Margonda | jurnaldepok.id
Teka-teki siapa pelaku terduga peremas payudara seorang mahasiswi salah satu Perguruan Tinggi Swasta di Kota Depok mulai menemukan titik terang.

Aparat Kepolisian Polresta Depok akhirnya memperlihatkan wajah terduga peremas payudara mahasiswi di Kota Depok yang terjadi di wilayah Keluranan Tugu, Kecamatan Cimanggis.

Kepala Unit Tim Idik III, Satuan Reskrim Polresta Depok, Ajun Komisaris Polisi Firdaus, Sabtu (28/7) kepada wartawan mengatakan, proses penyelidikan terkait kasus pelecehan seksual dengan modus remas payudara akhirnya menemukan titik terang. Polisi telah berhasil melakukan rekonstruksi wajah pelaku.
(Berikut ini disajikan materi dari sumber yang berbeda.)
lemma kmult_eq_sum_kdecomp:
  assumes "b \<in> kbasis m K"
  shows "kmult m K x y b = (\<Sum>p\<in>kdecomp b. kterm x y p)"
proof -
  obtain J g where b_eq: "b = (J, g)" by fastforce
  have "kmult m K x y b = (\<Sum>p\<in>{(b1, b2) \<in> ksupp x \<times> ksupp y. fst b1 \<inter> fst b2 = {}
          \<and> fst b1 \<union> fst b2 = J \<and> (\<lambda>i. snd b1 i + snd b2 i) = g}. kterm x y p)"
    using assms unfolding b_eq kmult_def kterm_def by simp
  also have "\<dots> = (\<Sum>p\<in>kdecomp b. kterm x y p)"
  proof (rule sum.mono_neutral_left)
    show "finite (kdecomp b)" by (rule finite_kdecomp_kbasis[OF assms])
  qed (auto simp: b_eq kdecomp_def kterm_def ksupp_def)
  finally show ?thesis .
qed

lemma kdiff_eq_sum:
  assumes "b \<in> kbasis m K"
  shows "kdiff m K x b = (\<Sum>j\<in>kdiff_support m b.
           insert_sign (fst b) j * x (insert j (fst b), (snd b)(j := snd b j - 1)))"
  using assms unfolding kdiff_def kdiff_support_def insert_sign_def count_below_def
  by (cases b) simp

section \<open>The Leibniz rule\<close>

definition kparity :: "'k::comm_ring_1 kel \<Rightarrow> 'k kel" where
  "kparity x = (\<lambda>b. (-1) ^ card (fst b) * x b)"

text \<open>The \<open>j\<close>-th summands of \<open>kterm (kdiff m K x) y p\<close> and of \<open>kterm (kparity x) (kdiff m K y) p\<close>.\<close>

definition kdiff_left_term :: "'k::comm_ring_1 kel \<Rightarrow> 'k kel \<Rightarrow> kmono \<times> kmono \<Rightarrow> nat \<Rightarrow> 'k" where
  "kdiff_left_term x y p j = ext_sign (fst (fst p)) (fst (snd p))
     * (insert_sign (fst (fst p)) j * x (insert j (fst (fst p)), (snd (fst p))(j := snd (fst p) j - 1)))
     * y (snd p)"

definition kdiff_right_term :: "'k::comm_ring_1 kel \<Rightarrow> 'k kel \<Rightarrow> kmono \<times> kmono \<Rightarrow> nat \<Rightarrow> 'k" where
  "kdiff_right_term x y p j = ext_sign (fst (fst p)) (fst (snd p))
     * ((-1) ^ card (fst (fst p)) * x (fst p))
     * (insert_sign (fst (snd p)) j * y (insert j (fst (snd p)), (snd (snd p))(j := snd (snd p) j - 1)))"

text \<open>Moving the index \<open>j\<close> from the right factor into the left one matches the terms of
  \<open>d x \<cdot> y\<close> in which \<open>u\<^sub>j\<close> ends up in \<open>y\<close>'s slot with the terms of \<open>\<plusminus>x \<cdot> d y\<close> in which
  it ends up in \<open>x\<close>'s slot, with opposite signs.\<close>

lemma kdiff_cross_terms_cancel:
  assumes fJ: "finite J"
  shows "(\<Sum>p\<in>{p\<in>kdecomp (J,g). j \<in> kdiff_support m (fst p) \<and> j \<in> fst (snd p)}. kdiff_left_term x y p j)
       + (\<Sum>p\<in>{p\<in>kdecomp (J,g). j \<in> kdiff_support m (snd p) \<and> j \<in> fst (fst p)}. kdiff_right_term x y p j)
       = (0::'k::comm_ring_1)"
proof -
  let ?SL = "{p\<in>kdecomp (J,g). j \<in> kdiff_support m (fst p) \<and> j \<in> fst (snd p)}"
  let ?SR = "{p\<in>kdecomp (J,g). j \<in> kdiff_support m (snd p) \<and> j \<in> fst (fst p)}"
  let ?to_left = "\<lambda>((A::nat set, a::nat \<Rightarrow> nat), (B::nat set, c::nat \<Rightarrow> nat)).
                    ((insert j A, a(j := a j - 1)), (B - {j}, c(j := c j + 1)))"
  let ?to_right = "\<lambda>((A::nat set, a::nat \<Rightarrow> nat), (B::nat set, c::nat \<Rightarrow> nat)).
                    ((A - {j}, a(j := a j + 1)), (insert j B, c(j := c j - 1)))"
  have "(\<Sum>p\<in>?SL. - kdiff_left_term x y p j) = (\<Sum>p\<in>?SR. kdiff_right_term x y p j)"
  proof (rule sum.reindex_bij_witness[where i = ?to_right and j = ?to_left])
    fix p assume "p \<in> ?SL"
    then obtain A a B c where p_eq: "p = ((A,a),(B,c))"
      and h: "A \<inter> B = {}" "A \<union> B = J" "\<forall>i. a i + c i = g i" "j \<in> {1..m}" "j \<notin> A" "1 \<le> a j" "j \<in> B"
      by (cases p) (auto simp: kdecomp_iff kdiff_support_def)
    have gj: "1 \<le> g j" "a j + c j = g j" using h(3,6) by (metis le_add1 order_trans)+
    show "?to_right (?to_left p) = p" using h gj unfolding p_eq by auto
    show "?to_left p \<in> ?SR"
      using h gj(1) unfolding p_eq by (auto simp: kdecomp_iff kdiff_support_def)
    have "(ext_sign A (insert j (B - {j})) :: 'k) * insert_sign A j
        = - (ext_sign (insert j A) (B - {j}) * (-1) ^ card (insert j A) * insert_sign (B - {j}) j)"
      by (rule ext_sign_move_right_to_left) (use h fJ in auto)
    moreover have "insert j (B - {j}) = B" using h by auto
    ultimately have sign: "insert_sign (B - {j}) j
          * ((-1) ^ card (insert j A) * ext_sign (insert j A) (B - {j}))
        = - (ext_sign A B * insert_sign A j :: 'k)"
      by (simp add: mult_ac)
    let ?X = "x (insert j A, a(j := a j - 1)) * y (B, c)"
    have "kdiff_right_term x y (?to_left p) j
        = (insert_sign (B - {j}) j * ((-1) ^ card (insert j A) * ext_sign (insert j A) (B - {j}))) * ?X"
      unfolding p_eq kdiff_right_term_def using h(7) by (simp add: insert_absorb algebra_simps)
    also have "\<dots> = - kdiff_left_term x y p j"
      unfolding sign p_eq kdiff_left_term_def by (simp add: algebra_simps)
    finally show "kdiff_right_term x y (?to_left p) j = - kdiff_left_term x y p j" .
  next
    fix p assume "p \<in> ?SR"
    then obtain A a B c where p_eq: "p = ((A,a),(B,c))"
      and h: "A \<inter> B = {}" "A \<union> B = J" "\<forall>i. a i + c i = g i" "j \<in> {1..m}" "j \<notin> B" "1 \<le> c j" "j \<in> A"
      by (cases p) (auto simp: kdecomp_iff kdiff_support_def)
    have "1 \<le> g j" using h(3,6) by (metis le_add2 order_trans)
    then show "?to_left (?to_right p) = p" "?to_right p \<in> ?SL"
      using h unfolding p_eq by (auto simp: kdecomp_iff kdiff_support_def)
  qed
  then show ?thesis by (simp add: sum_negf flip: neg_eq_iff_add_eq_0)
qed

lemma kmult_insert_left_terms:
  assumes fJ: "finite J" and j: "j \<in> kdiff_support m (J,g)"
  shows "(\<Sum>p\<in>{p\<in>kdecomp (insert j J, g(j:=g j - 1)). j \<in> fst (fst p)}. insert_sign J j * kterm x y p)
       = (\<Sum>p\<in>{p\<in>kdecomp (J,g). j \<in> kdiff_support m (fst p) \<and> j \<notin> fst (snd p)}.
            (kdiff_left_term x y p j :: 'k::comm_ring_1))"
proof -
  have jJ: "j \<notin> J" "1 \<le> g j" "j \<in> {1..m}" using j by (auto simp: kdiff_support_def)
  let ?remove = "\<lambda>((A::nat set, a::nat \<Rightarrow> nat), (B::nat set, c::nat \<Rightarrow> nat)).
                   ((A - {j}, a(j := a j + 1)), (B, c))"
  let ?insert = "\<lambda>((A::nat set, a::nat \<Rightarrow> nat), (B::nat set, c::nat \<Rightarrow> nat)).
                   ((insert j A, a(j := a j - 1)), (B, c))"
  show ?thesis
  proof (rule sum.reindex_bij_witness[where i = ?insert and j = ?remove])
    fix p assume "p \<in> {p\<in>kdecomp (insert j J, g(j:=g j - 1)). j \<in> fst (fst p)}"
    then obtain A a B c where p_eq: "p = ((A,a),(B,c))"
      and h: "A \<inter> B = {}" "A \<union> B = insert j J" "\<forall>i. a i + c i = (g(j:=g j - 1)) i" "j \<in> A"
      by (cases p) (auto simp: kdecomp_iff)
    show "?insert (?remove p) = p" using h unfolding p_eq by (auto simp: insert_absorb)
    show "?remove p \<in> {p\<in>kdecomp (J,g). j \<in> kdiff_support m (fst p) \<and> j \<notin> fst (snd p)}"
      using h jJ unfolding p_eq by (auto simp: kdecomp_iff kdiff_support_def)
    have "(insert_sign ((A - {j}) \<union> B) j :: 'k) * ext_sign (insert j (A - {j})) B
        = ext_sign (A - {j}) B * insert_sign (A - {j}) j"
      by (rule insert_sign_ext_sign_insert_left) (use h fJ in \<open>auto intro: finite_subset\<close>)
    moreover have "(A - {j}) \<union> B = J" "insert j (A - {j}) = A" using h jJ by auto
    ultimately have sign:
        "(insert_sign J j :: 'k) * ext_sign A B = ext_sign (A - {j}) B * insert_sign (A - {j}) j"
      by simp
    have "kdiff_left_term x y (?remove p) j
        = (ext_sign (A - {j}) B * insert_sign (A - {j}) j) * (x (A,a) * y (B,c))"
      unfolding p_eq kdiff_left_term_def using h(4) by (simp add: insert_absorb algebra_simps)
    also have "\<dots> = insert_sign J j * kterm x y p"
      unfolding sign[symmetric] p_eq kterm_def by (simp add: algebra_simps)
    finally show "kdiff_left_term x y (?remove p) j = insert_sign J j * kterm x y p" .
  next
    fix p assume "p \<in> {p\<in>kdecomp (J,g). j \<in> kdiff_support m (fst p) \<and> j \<notin> fst (snd p)}"
    then obtain A a B c where p_eq: "p = ((A,a),(B,c))"
      and "A \<inter> B = {}" "A \<union> B = J" "\<forall>i. a i + c i = g i" "j \<notin> A" "1 \<le> a j" "j \<notin> B"
      by (cases p) (auto simp: kdecomp_iff kdiff_support_def)
    then show "?remove (?insert p) = p"
      "?insert p \<in> {p\<in>kdecomp (insert j J, g(j:=g j - 1)). j \<in> fst (fst p)}"
      unfolding p_eq by (auto simp: kdecomp_iff)
  qed
qed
“Ya benar, tim kami dari penyidik Polresta Depok bersama Tim Inavis Mabes Polri telah melakukan rekonstruksi wajah pelaku,” ujarnya.

Dia mengatakan, adapun keterangan dari hasil rekonstruksi wajah tersebut, pelaku diperkirakan berusia 25 hingga 27 tahun dengan tinggi sekitar 170 sentimeter.

“Ciri khusus secara detail tidak ada, namun perkiraan usia antara 25 hingga 27 tahun dengan tinggi sekitar 170 sentimeter, berlogat Sunda. Ini gambaran yang kami dapat dari keterangan korban,” paparnya.

Sketsa tersebut akan disebarluaskan ke masyarakat dengan harapan ada petunjuk baru atas kasus ini.

“Hasil dari gambar ini akan kami sebarluaskan pada masyarakat. Diharapkan masyarakat bisa memberikan informasi ke kami agar dapat segera mengungkap kasus ini,” katanya.

Kasat Reskrim Polresta Depok, Kompol Bintoro menambahkan, sejumlah saksi kasus peremasan payudara yang menimpa mahasiswi berinisial SHT (20), diperiksa penyidik Polresta Depok.

Pemeriksaan saksi dilakukan untuk mendalami kasus yang menimpa mahasiswa semester enam asal Cirebon itu beberapa hari lalu. Saksi yang dimintai keterangan adalah korban dan saksi lainnya.

Sebelumnya korban SHT melaporkan kejadian pelecehan yang menimpanya ke Polresta Depok.
Dia mengalami pelecehan hingga dua kali di hari yang sama. Dia berharap agar pelakunya segera tertangkap.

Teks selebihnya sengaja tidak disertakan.